Some call that faith, and some call it gullibility. But one sniff of scab ball should be enough to send most fans home to the barbecue and the boob tube.
For even the inner child knows when enough is enough, and when Fat Billy has worn out his welcome.
When last we tuned in to the national pastime, the O.J. Simpson trial, things weren't going so well for America's favorite defendant in the weeping-witness and barking-dog departments. But we'll give you six-to-five right now that the man walks--no matter what prosecutors bring into court, short of a bloody knife with Simpson's prints all over it.
In the meantime, wonder if Number 32 caught this year's Pro Bowl while spooning down his daily bowl of gruel.
Yeah, yeah, that was ten days ago.
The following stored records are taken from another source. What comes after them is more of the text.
lemma second_moment_permute:
  assumes "inj \<pi>" "\<And>i j. h (\<pi> i) (\<pi> j) = h i j"
  shows "second_moment h (\<lambda>p. \<rho> (\<pi> p)) f g = second_moment h \<rho> f g"
proof -
  have bij: "bij \<pi>"
    using \<open>inj \<pi>\<close> by (simp add: bij_def finite_UNIV_inj_surj)
  have "second_moment h (\<lambda>p. \<rho> (\<pi> p)) f g =
      (\<Sum>p\<in>UNIV. \<Sum>q\<in>UNIV. h (\<pi> p) (\<pi> q) * f (\<rho> (\<pi> p)) * g (\<rho> (\<pi> q)))"
    by (simp add: second_moment_def assms(2))
  also have "\<dots> = second_moment h \<rho> f g"
    unfolding second_moment_def
    using sum.reindex_bij_betw[OF bij, of "\<lambda>p. \<Sum>q\<in>UNIV. h p q * f (\<rho> p) * g (\<rho> q)"]
      sum.reindex_bij_betw[OF bij, of "\<lambda>q. h _ q * f (\<rho> _) * g (\<rho> q)"]
    by simp
  finally show ?thesis .
qed

lemma second_moment_linear:
  "second_moment h \<rho> (\<lambda>r. \<alpha> * r$1 + \<beta> * r$2) (\<lambda>r. \<gamma> * r$1 + \<delta> * r$2) =
     \<alpha> * \<gamma> * second_moment h \<rho> (\<lambda>r. r$1) (\<lambda>r. r$1)
   + \<alpha> * \<delta> * second_moment h \<rho> (\<lambda>r. r$1) (\<lambda>r. r$2)
   + \<beta> * \<gamma> * second_moment h \<rho> (\<lambda>r. r$2) (\<lambda>r. r$1)
   + \<beta> * \<delta> * second_moment h \<rho> (\<lambda>r. r$2) (\<lambda>r. r$2)"
  by (simp add: second_moment_def algebra_simps sum.distrib sum_distrib_left)

lemma second_moment_swap:
  assumes "\<And>p q. h p q = h q p"
  shows "second_moment h \<rho> g f = second_moment h \<rho> f g"
  unfolding second_moment_def
  by (subst sum.swap) (simp add: assms mult_ac)

lemma rotation_invariant_form_isotropic:
  fixes b11 b12 b22 c s :: real
  assumes "s\<^sup>2 + c\<^sup>2 = 1" "s \<noteq> 0"
    and "c * c * b11 - 2 * c * s * b12 + s * s * b22 = b11"
    and "c * s * b11 + (c * c - s * s) * b12 - c * s * b22 = b12"
  shows "b22 = b11 \<and> b12 = 0"
proof -
  have "s * (s * (b22 - b11) - 2 * c * b12) = 0"
    using assms(1,3) by algebra
  then have D: "s * (b22 - b11) = 2 * c * b12"
    using \<open>s \<noteq> 0\<close> by simp
  have "s * (c * (b11 - b22) - 2 * s * b12) = 0"
    using assms(1,4) by algebra
  then have E: "c * (b11 - b22) = 2 * s * b12"
    using \<open>s \<noteq> 0\<close> by simp
  have "(s\<^sup>2 + c\<^sup>2) * (b22 - b11) = s * (s * (b22 - b11)) - c * (c * (b11 - b22))"
    by algebra
  also have "\<dots> = 0"
    using D E by algebra
  finally have "b22 = b11"
    using assms(1) by simp
  then show ?thesis
    using E \<open>s \<noteq> 0\<close> by simp
qed

lemma hess_at_comp_inner_divide:
  fixes V :: "real^'r \<Rightarrow> real" and \<rho> :: "'r \<Rightarrow> real^2"
  assumes "\<And>y. V differentiable (at y)" "\<And>p y. pderiv_at V p differentiable (at y)"
  shows "hess_at (\<lambda>F. V (\<chi> i. F \<bullet> \<rho> i) / d) 0 k l =
    second_moment (hess_at V 0) \<rho> (\<lambda>r. r$k) (\<lambda>r. r$l) / d"
proof -
  define P :: "real^2^'r" where "P = (\<chi> i. \<rho> i)"
  have P: "(\<chi> i. F \<bullet> \<rho> i) = P *v F" for F
    by (simp add: vec_eq_iff matrix_vector_mul_component P_def inner_commute)
  have P_axis: "(P *v axis k 1)$p = \<rho> p $ k" for k p
    by (simp add: matrix_vector_mul_component P_def inner_axis)
  have "pderiv_at (\<lambda>y. V (P *v y)) k = (\<lambda>y. \<Sum>p\<in>UNIV. (P *v axis k 1)$p * pderiv_at V p (P *v y))" for k
    using assms(1) by (simp add: fun_eq_iff pderiv_at_comp_matrix)
  then have diff: "(\<lambda>y. V (P *v y)) differentiable (at y)" "pderiv_at (\<lambda>y. V (P *v y)) k differentiable (at y)"
    for y k
    using assms by (simp_all add: differentiable_comp_matrix differentiable_sum differentiable_mult)
  have "pderiv_at (\<lambda>F. V (P *v F) / d) k = (\<lambda>y. pderiv_at (\<lambda>F. V (P *v F)) k y / d)"
    using diff(1) by (simp add: fun_eq_iff pderiv_at_divide_const)
  then have "hess_at (\<lambda>F. V (P *v F) / d) 0 k l = hess_at (\<lambda>F. V (P *v F)) 0 k l / d"
    using diff(2) by (simp add: hess_at_def pderiv_at_divide_const)
  then show ?thesis
    using assms by (simp add: P hess_at_comp_matrix P_axis second_moment_def mult_ac)
qed

lemma second_moment_isotropic_of_rotation_invariant:
  fixes h :: "'r::finite \<Rightarrow> 'r \<Rightarrow> real"
  assumes sym: "\<And>p q. h p q = h q p"
    and invariant: "\<And>f g. second_moment h (\<lambda>p. rot2 t *v \<rho> p) f g = second_moment h \<rho> f g"
    and "sin t \<noteq> 0"
  shows "second_moment h \<rho> (\<lambda>r. r$k) (\<lambda>r. r$l) =
    (if k = l then second_moment h \<rho> (\<lambda>r. r$1) (\<lambda>r. r$1) else 0)"
proof -
  define B where "B k l = second_moment h \<rho> (\<lambda>r. r$k) (\<lambda>r. r$l)" for k l :: 2
  have rotated: "B k l = second_moment h \<rho> (\<lambda>r. (rot2 t *v r)$k) (\<lambda>r. (rot2 t *v r)$l)" for k l
    using invariant[of "\<lambda>r. r$k" "\<lambda>r. r$l"] by (simp add: B_def second_moment_def)
  have rot1: "(\<lambda>r. (rot2 t *v r)$1) = (\<lambda>r. cos t * r$1 + (- sin t) * r$2)"
    and rot2: "(\<lambda>r. (rot2 t *v r)$2) = (\<lambda>r. sin t * r$1 + cos t * r$2)"
    by (simp_all add: rot2_components)
  have B21: "B 2 1 = B 1 2"
    unfolding B_def by (rule second_moment_swap[OF sym])
  have "B 1 1 = cos t * cos t * B 1 1 + cos t * (- sin t) * B 1 2
      + (- sin t) * cos t * B 2 1 + (- sin t) * (- sin t) * B 2 2"
    using rotated[of 1 1] unfolding rot1 second_moment_linear by (simp only: B_def)
  moreover have "B 1 2 = cos t * sin t * B 1 1 + cos t * cos t * B 1 2
      + (- sin t) * sin t * B 2 1 + (- sin t) * cos t * B 2 2"
    using rotated[of 1 2] unfolding rot1 rot2 second_moment_linear by (simp only: B_def)
  ultimately have "B 2 2 = B 1 1 \<and> B 1 2 = 0"
    using B21 \<open>sin t \<noteq> 0\<close> by (intro rotation_invariant_form_isotropic[of "sin t" "cos t"]) (simp, simp, algebra+)
  then show ?thesis
    using B21 exhaust_2[of k] exhaust_2[of l] by (auto simp: B_def)
qed

lemma hess_second_moment_isotropic:
  fixes V :: "real^'r::finite \<Rightarrow> real" and \<rho> :: "'r \<Rightarrow> real^2"
  assumes "Ck (Suc (Suc m)) V" "inj \<rho>" "(\<lambda>r. rot2 t *v r) ` range \<rho> = range \<rho>" "sin t \<noteq> 0"
    and V_sym: "\<forall>a. V a = V (\<chi> i. a $ (inv \<rho> (rot2 t *v \<rho> i)))"
  shows "second_moment (hess_at V 0) \<rho> (\<lambda>r. r$k) (\<lambda>r. r$l) =
    (if k = l then second_moment (hess_at V 0) \<rho> (\<lambda>r. r$1) (\<lambda>r. r$1) else 0)"
proof -
  define \<pi> where "\<pi> = (\<lambda>i. inv \<rho> (rot2 t *v \<rho> i))"
  have \<pi>: "\<rho> (\<pi> i) = rot2 t *v \<rho> i" "inj \<pi>" for i
    using rotation_permutation[OF assms(2,3)] by (simp_all add: \<pi>_def)
  have "hess_at V 0 (\<pi> i) (\<pi> j) = hess_at V 0 i j" for i j
    using V_sym \<pi>(2) Ck_Suc_Suc_differentiable[OF assms(1)] unfolding \<pi>_def
    by (intro hess_at_permute_vars) auto
  then show ?thesis
    using second_moment_permute[OF \<pi>(2), of "hess_at V 0" \<rho>] \<pi>(1) \<open>sin t \<noteq> 0\<close>
      Ck_Suc_Suc_hess_at_symmetric[OF assms(1)]
    by (intro second_moment_isotropic_of_rotation_invariant) auto
qed

lemma isotropic_second_moment_pos:
  assumes isotropic: "\<And>k l. second_moment h \<rho> (\<lambda>r. r$k) (\<lambda>r. r$l) = (if k = l then b else 0)"
    and f_linear: "\<And>r. f r = \<alpha> * r$1 + \<beta> * r$2"
    and "0 < second_moment h \<rho> f f"
  shows "0 < b"
proof -
  have "f = (\<lambda>r. \<alpha> * r$1 + \<beta> * r$2)"
    using f_linear by auto
  then have "second_moment h \<rho> f f = (\<alpha>\<^sup>2 + \<beta>\<^sup>2) * b"
    by (simp add: second_moment_linear isotropic algebra_simps power2_eq_square)
  then show ?thesis
    using \<open>0 < second_moment h \<rho> f f\<close> by (metis not_sum_power2_lt_zero zero_less_mult_iff)
qed

lemma sin_2pi_div_3: "sin (2 * pi / 3) = sqrt 3 / 2"
proof -
  have angle: "2 * pi / 3 = pi - pi / 3"
    by simp
  show ?thesis
    unfolding angle sin_pi_minus sin_60 by simp
qed

section \<open>Lattice coordinates\<close>

lemma has_sum_range_finite_support:
  fixes F :: "'b \<Rightarrow> real"
  assumes "inj \<iota>" "finite B" "\<And>z. z \<notin> B \<Longrightarrow> F (\<iota> z) = 0"
  shows "(F has_sum (\<Sum>z\<in>B. F (\<iota> z))) (range \<iota>)"
proof -
  have "((F \<circ> \<iota>) has_sum (\<Sum>z\<in>B. F (\<iota> z))) UNIV"
    using assms(2,3) by (intro has_sum_finite_neutralI) auto
  then show ?thesis
    using has_sum_reindex[of \<iota> UNIV F] \<open>inj \<iota>\<close> by simp
qed

definition lattice_point :: "real^2^2 \<Rightarrow> int \<times> int \<Rightarrow> real^2" where
  "lattice_point A z = A *v vector [of_int (fst z), of_int (snd z)]"

text \<open>Coordinates with respect to the columns of A, by Cramer's rule.\<close>

definition lattice_coord1 :: "real^2^2 \<Rightarrow> real^2 \<Rightarrow> real" where
  "lattice_coord1 A x = (A$2$2 * x$1 - A$1$2 * x$2) / det A"

definition lattice_coord2 :: "real^2^2 \<Rightarrow> real^2 \<Rightarrow> real" where
  "lattice_coord2 A x = (A$1$1 * x$2 - A$2$1 * x$1) / det A"

lemma lattice_point_components:
  "lattice_point A (m, n) $ 1 = A$1$1 * of_int m + A$1$2 * of_int n"
  "lattice_point A (m, n) $ 2 = A$2$1 * of_int m + A$2$2 * of_int n"
  by (simp_all add: lattice_point_def matrix_vector_mult_def sum_2)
We know that. But in this case, the principal character has nothing but time on his hands. So, just in case you missed it, Juice, you may as well know that they dissed you in Hawaii, too.
At most Pro Bowls, being there is more important than actually playing, but don't tell that to Chris Warren of the Seattle Seahawks or young Marshall Faulk of the Indianapolis Colts. In the AFC's 41-13 win, both running backs broke O.J.'s 22-year-old Pro Bowl rushing record of 112 yards.
Warren racked up 118 by mid-fourth quarter, but on the very next play, Faulk broke a 41-yarder to bring his total to 180 yards.